Working line by line, output the entries below exactly as they appear.
▶
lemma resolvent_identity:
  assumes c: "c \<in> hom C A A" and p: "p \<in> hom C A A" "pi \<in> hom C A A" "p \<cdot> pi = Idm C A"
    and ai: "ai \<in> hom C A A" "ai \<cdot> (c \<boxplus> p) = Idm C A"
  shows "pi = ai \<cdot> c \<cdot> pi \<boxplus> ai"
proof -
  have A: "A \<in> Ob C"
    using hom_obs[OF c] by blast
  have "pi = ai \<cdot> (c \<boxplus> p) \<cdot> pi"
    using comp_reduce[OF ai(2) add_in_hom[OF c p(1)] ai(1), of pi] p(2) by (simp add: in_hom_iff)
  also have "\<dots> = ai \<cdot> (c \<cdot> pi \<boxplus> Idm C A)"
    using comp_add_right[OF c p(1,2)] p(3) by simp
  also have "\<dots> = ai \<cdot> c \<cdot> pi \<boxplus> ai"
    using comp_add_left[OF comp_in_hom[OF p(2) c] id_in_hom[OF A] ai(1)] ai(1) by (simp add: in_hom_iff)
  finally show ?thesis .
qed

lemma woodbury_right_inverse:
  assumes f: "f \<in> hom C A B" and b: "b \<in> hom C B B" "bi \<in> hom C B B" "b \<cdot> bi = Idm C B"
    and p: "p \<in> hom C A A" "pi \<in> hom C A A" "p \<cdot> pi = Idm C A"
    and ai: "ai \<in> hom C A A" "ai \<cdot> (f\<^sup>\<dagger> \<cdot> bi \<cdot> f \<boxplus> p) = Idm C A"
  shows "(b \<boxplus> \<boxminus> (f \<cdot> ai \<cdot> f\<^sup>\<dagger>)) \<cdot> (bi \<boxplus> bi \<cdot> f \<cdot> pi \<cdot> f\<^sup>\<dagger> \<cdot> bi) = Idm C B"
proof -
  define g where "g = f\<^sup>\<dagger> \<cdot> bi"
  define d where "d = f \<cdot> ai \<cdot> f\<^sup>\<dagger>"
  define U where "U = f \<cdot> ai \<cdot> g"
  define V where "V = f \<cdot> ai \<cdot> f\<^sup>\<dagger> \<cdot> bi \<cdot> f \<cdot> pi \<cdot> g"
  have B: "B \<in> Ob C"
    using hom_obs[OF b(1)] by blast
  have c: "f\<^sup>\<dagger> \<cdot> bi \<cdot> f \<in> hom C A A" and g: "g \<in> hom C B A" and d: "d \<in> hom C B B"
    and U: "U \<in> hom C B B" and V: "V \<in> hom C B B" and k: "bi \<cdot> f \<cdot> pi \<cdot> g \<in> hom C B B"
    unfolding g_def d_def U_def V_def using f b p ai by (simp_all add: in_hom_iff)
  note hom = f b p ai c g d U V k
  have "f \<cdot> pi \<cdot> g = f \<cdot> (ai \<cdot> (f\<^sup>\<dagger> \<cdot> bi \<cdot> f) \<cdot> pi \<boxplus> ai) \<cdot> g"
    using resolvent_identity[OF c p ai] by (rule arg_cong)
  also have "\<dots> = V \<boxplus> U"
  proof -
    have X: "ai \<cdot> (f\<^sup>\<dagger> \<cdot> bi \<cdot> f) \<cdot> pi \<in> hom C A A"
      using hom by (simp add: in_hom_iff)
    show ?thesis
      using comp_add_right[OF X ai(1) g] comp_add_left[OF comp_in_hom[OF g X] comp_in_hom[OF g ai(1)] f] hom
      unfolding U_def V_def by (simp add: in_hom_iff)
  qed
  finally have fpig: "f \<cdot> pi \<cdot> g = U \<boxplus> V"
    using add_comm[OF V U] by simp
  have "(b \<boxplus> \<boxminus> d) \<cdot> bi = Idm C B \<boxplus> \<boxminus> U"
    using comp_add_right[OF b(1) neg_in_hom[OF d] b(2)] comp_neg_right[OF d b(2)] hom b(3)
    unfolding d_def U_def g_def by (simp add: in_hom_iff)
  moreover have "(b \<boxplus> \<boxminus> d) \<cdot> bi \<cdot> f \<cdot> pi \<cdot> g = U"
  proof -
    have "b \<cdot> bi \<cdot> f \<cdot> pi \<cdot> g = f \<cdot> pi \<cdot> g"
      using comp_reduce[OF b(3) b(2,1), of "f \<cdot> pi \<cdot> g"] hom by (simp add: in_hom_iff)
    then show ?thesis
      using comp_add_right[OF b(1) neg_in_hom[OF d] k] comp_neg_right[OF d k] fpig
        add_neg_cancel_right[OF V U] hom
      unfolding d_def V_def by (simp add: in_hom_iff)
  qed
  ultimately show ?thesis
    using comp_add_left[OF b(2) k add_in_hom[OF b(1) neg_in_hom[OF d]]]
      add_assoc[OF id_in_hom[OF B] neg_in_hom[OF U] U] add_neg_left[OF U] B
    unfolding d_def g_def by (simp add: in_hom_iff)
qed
◀
**ANSWER TO THIS TASK:**
lemma resolvent_identity:
  assumes c: "c \<in> hom C A A" and p: "p \<in> hom C A A" "pi \<in> hom C A A" "p \<cdot> pi = Idm C A"
    and ai: "ai \<in> hom C A A" "ai \<cdot> (c \<boxplus> p) = Idm C A"
  shows "pi = ai \<cdot> c \<cdot> pi \<boxplus> ai"
proof -
  have A: "A \<in> Ob C"
    using hom_obs[OF c] by blast
  have "pi = ai \<cdot> (c \<boxplus> p) \<cdot> pi"
    using comp_reduce[OF ai(2) add_in_hom[OF c p(1)] ai(1), of pi] p(2) by (simp add: in_hom_iff)
  also have "\<dots> = ai \<cdot> (c \<cdot> pi \<boxplus> Idm C A)"
    using comp_add_right[OF c p(1,2)] p(3) by simp
  also have "\<dots> = ai \<cdot> c \<cdot> pi \<boxplus> ai"
    using comp_add_left[OF comp_in_hom[OF p(2) c] id_in_hom[OF A] ai(1)] ai(1) by (simp add: in_hom_iff)
  finally show ?thesis .
qed

lemma woodbury_right_inverse:
  assumes f: "f \<in> hom C A B" and b: "b \<in> hom C B B" "bi \<in> hom C B B" "b \<cdot> bi = Idm C B"
    and p: "p \<in> hom C A A" "pi \<in> hom C A A" "p \<cdot> pi = Idm C A"
    and ai: "ai \<in> hom C A A" "ai \<cdot> (f\<^sup>\<dagger> \<cdot> bi \<cdot> f \<boxplus> p) = Idm C A"
  shows "(b \<boxplus> \<boxminus> (f \<cdot> ai \<cdot> f\<^sup>\<dagger>)) \<cdot> (bi \<boxplus> bi \<cdot> f \<cdot> pi \<cdot> f\<^sup>\<dagger> \<cdot> bi) = Idm C B"
proof -
  define g where "g = f\<^sup>\<dagger> \<cdot> bi"
  define d where "d = f \<cdot> ai \<cdot> f\<^sup>\<dagger>"
  define U where "U = f \<cdot> ai \<cdot> g"
  define V where "V = f \<cdot> ai \<cdot> f\<^sup>\<dagger> \<cdot> bi \<cdot> f \<cdot> pi \<cdot> g"
  have B: "B \<in> Ob C"
    using hom_obs[OF b(1)] by blast
  have c: "f\<^sup>\<dagger> \<cdot> bi \<cdot> f \<in> hom C A A" and g: "g \<in> hom C B A" and d: "d \<in> hom C B B"
    and U: "U \<in> hom C B B" and V: "V \<in> hom C B B" and k: "bi \<cdot> f \<cdot> pi \<cdot> g \<in> hom C B B"
    unfolding g_def d_def U_def V_def using f b p ai by (simp_all add: in_hom_iff)
  note hom = f b p ai c g d U V k
  have "f \<cdot> pi \<cdot> g = f \<cdot> (ai \<cdot> (f\<^sup>\<dagger> \<cdot> bi \<cdot> f) \<cdot> pi \<boxplus> ai) \<cdot> g"
    using resolvent_identity[OF c p ai] by (rule arg_cong)
  also have "\<dots> = V \<boxplus> U"
  proof -
    have X: "ai \<cdot> (f\<^sup>\<dagger> \<cdot> bi \<cdot> f) \<cdot> pi \<in> hom C A A"
      using hom by (simp add: in_hom_iff)
    show ?thesis
      using comp_add_right[OF X ai(1) g] comp_add_left[OF comp_in_hom[OF g X] comp_in_hom[OF g ai(1)] f] hom
      unfolding U_def V_def by (simp add: in_hom_iff)
  qed
  finally have fpig: "f \<cdot> pi \<cdot> g = U \<boxplus> V"
    using add_comm[OF V U] by simp
  have "(b \<boxplus> \<boxminus> d) \<cdot> bi = Idm C B \<boxplus> \<boxminus> U"
    using comp_add_right[OF b(1) neg_in_hom[OF d] b(2)] comp_neg_right[OF d b(2)] hom b(3)
    unfolding d_def U_def g_def by (simp add: in_hom_iff)
  moreover have "(b \<boxplus> \<boxminus> d) \<cdot> bi \<cdot> f \<cdot> pi \<cdot> g = U"
  proof -
    have "b \<cdot> bi \<cdot> f \<cdot> pi \<cdot> g = f \<cdot> pi \<cdot> g"
      using comp_reduce[OF b(3) b(2,1), of "f \<cdot> pi \<cdot> g"] hom by (simp add: in_hom_iff)
    then show ?thesis
      using comp_add_right[OF b(1) neg_in_hom[OF d] k] comp_neg_right[OF d k] fpig
        add_neg_cancel_right[OF V U] hom
      unfolding d_def V_def by (simp add: in_hom_iff)
  qed
  ultimately show ?thesis
    using comp_add_left[OF b(2) k add_in_hom[OF b(1) neg_in_hom[OF d]]]
      add_assoc[OF id_in_hom[OF B] neg_in_hom[OF U] U] add_neg_left[OF U] B
    unfolding d_def g_def by (simp add: in_hom_iff)
qed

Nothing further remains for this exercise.